[ACTIVITY] From the records below, extract only the lines running from the line with "0 \<le> s \<and>" to the line with "(\<forall>u. min s", both lines included, reproducing them exactly.

(Collected data)
%%

(* Let $\Gamma$ be a metric graph and let $D$ be a vertex-supported effective divisor on $\Gamma$ with $d=\deg(D)$. Then the dimension of the cell complex $|D|$ is at most $d$. In addition, if $\Gamma$ is $2$-connected, then the dimension of the cell complex $|D|$ is at most $d-1$.
   Context: A metric graph $\Gamma=(V,E)$ is a connected undirected graph (loops and parallel edges allowed) whose edges have positive real lengths $M_e$; each edge is viewed as a real segment. A divisor is a finite formal $\mathbb{Z}$-combination $D=\sum_{x\in\Gamma}D(x)\cdot x$ of points of $\Gamma$; it is effective if all $D(x)\ge 0$, its degree is $\sum_x D(x)$, its support is $\{x: D(x)\neq 0\}$, and it is vertex-supported if its support is contained in $V$. A rational function is a continuous $f:\Gamma\to\mathbb{R}$, piecewise linear on each edge with finitely many pieces and integer slopes; $\mathrm{ord}_x(f)$ is the sum of the outgoing slopes of $f$ at $x$ over all directions at $x$, and $(f)=\sum_x \mathrm{ord}_x(f)\cdot x$. $R(D)$ is the set of rational functions $f$ with $D+(f)$ effective, and the linear system is $|D|=\{D+(f): f\in R(D)\}$. Cell structure of $|D|$: identify each open edge $e$ with $(0,M_e)$ (fixing an orientation). A cell is specified by data: a nonnegative integer $d_v$ for each $v\in V$; for some edges $e$ an ordered partition $d_e=\sum_{i=1}^{r_e}d_e^i$ into positive integers; and an integer $m_e$ for each $e\in E$. A divisor $L\in|D|$ lies in this cell iff $L(v)=d_v$ for all $v\in V$; on each edge $e$ with a partition, $L$ restricted to the interior of $e$ equals $\sum_{i=1}^{r_e}d_e^i x_i$ with $0<x_1<\dots<x_{r_e}<M_e$, while on other edges $L$ vanishes at all interior points; and for any $f\in R(D)$ with $L=D+(f)$, the outgoing slope of $f$ at the point $0$ of $e$ is $m_e$ for each $e$. Any $L$ in a cell is called a representative of it. For a cell $C$ with representative $L$, setting $I_L=\{x\in\Gamma\setminus V: L(x)>0\}$, the dimension of $C$ equals one less than the number of connected components of $\Gamma\setminus I_L$ (a known fact from Haase–Musiker–Yu). The dimension of $|D|$ is the maximum dimension of its cells. *)

theory Defs
  imports Complex_Main
begin

text \<open>A point of a metric graph: a vertex, or an interior point of an edge e, identified
  with a parameter t in the open interval (0, len e) (edge oriented from src e to tgt e).\<close>
datatype ('v, 'e) gpoint = Vert 'v | EPt 'e real

record ('v, 'e) mgraph =
  verts :: "'v set"
  edges :: "'e set"
  src :: "'e \<Rightarrow> 'v"
  tgt :: "'e \<Rightarrow> 'v"
  len :: "'e \<Rightarrow> real"

definition gpoints :: "('v, 'e) mgraph \<Rightarrow> ('v, 'e) gpoint set" where
  "gpoints G = Vert ` verts G \<union> {EPt e t | e t. e \<in> edges G \<and> 0 < t \<and> t < len G e}"

definition epos :: "('v, 'e) mgraph \<Rightarrow> 'e \<Rightarrow> real \<Rightarrow> ('v, 'e) gpoint" where
  "epos G e u = (if u = 0 then Vert (src G e) else if u = len G e then Vert (tgt G e) else EPt e u)"

text \<open>Connected components of the complement
  of S are the classes of the reflexive-transitive closure.\<close>
definition seg_rel :: "('v, 'e) mgraph \<Rightarrow> ('v, 'e) gpoint set \<Rightarrow> (('v, 'e) gpoint \<times> ('v, 'e) gpoint) set" where
  "seg_rel G S = {(epos G e s, epos G e t) | e s t. e \<in> edges G \<and>
      0 \<le> s \<and> s \<le> len G e \<and> 0 \<le> t \<and> t \<le> len G e \<and>
      (\<forall>u. min s t \<le> u \<and> u \<le> max s t \<longrightarrow> epos G e u \<notin> S)}"

definition num_components :: "('v, 'e) mgraph \<Rightarrow> ('v, 'e) gpoint set \<Rightarrow> nat" where
  "num_components G S = card ((gpoints G - S) // ((seg_rel G S)\<^sup>*))"

definition metric_graph :: "('v, 'e) mgraph \<Rightarrow> bool" where
  "metric_graph G \<longleftrightarrow> finite (verts G) \<and> finite (edges G) \<and>
     src G ` edges G \<subseteq> verts G \<and> tgt G ` edges G \<subseteq> verts G \<and>
     (\<forall>e\<in>edges G. 0 < len G e) \<and> num_components G {} = 1"

definition two_connected :: "('v, 'e) mgraph \<Rightarrow> bool" where
  "two_connected G \<longleftrightarrow> metric_graph G \<and> (\<forall>x\<in>gpoints G. num_components G {x} = 1)"

definition supp :: "(('v, 'e) gpoint \<Rightarrow> int) \<Rightarrow> ('v, 'e) gpoint set" where
  "supp D = {x. D x \<noteq> 0}"

definition is_divisor :: "('v, 'e) mgraph \<Rightarrow> (('v, 'e) gpoint \<Rightarrow> int) \<Rightarrow> bool" where
  "is_divisor G D \<longleftrightarrow> finite (supp D) \<and> supp D \<subseteq> gpoints G"

definition div_deg :: "(('v, 'e) gpoint \<Rightarrow> int) \<Rightarrow> int" where
  "div_deg D = (\<Sum>x\<in>supp D. D x)"

definition effective :: "(('v, 'e) gpoint \<Rightarrow> int) \<Rightarrow> bool" where
  "effective D \<longleftrightarrow> (\<forall>x. 0 \<le> D x)"

definition vertex_supported :: "('v, 'e) mgraph \<Rightarrow> (('v, 'e) gpoint \<Rightarrow> int) \<Rightarrow> bool" where
  "vertex_supported G D \<longleftrightarrow> supp D \<subseteq> Vert ` verts G"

%%

[THE ANSWER]
      0 \<le> s \<and> s \<le> len G e \<and> 0 \<le> t \<and> t \<le> len G e \<and>
      (\<forall>u. min s t \<le> u \<and> u \<le> max s t \<longrightarrow> epos G e u \<notin> S)}"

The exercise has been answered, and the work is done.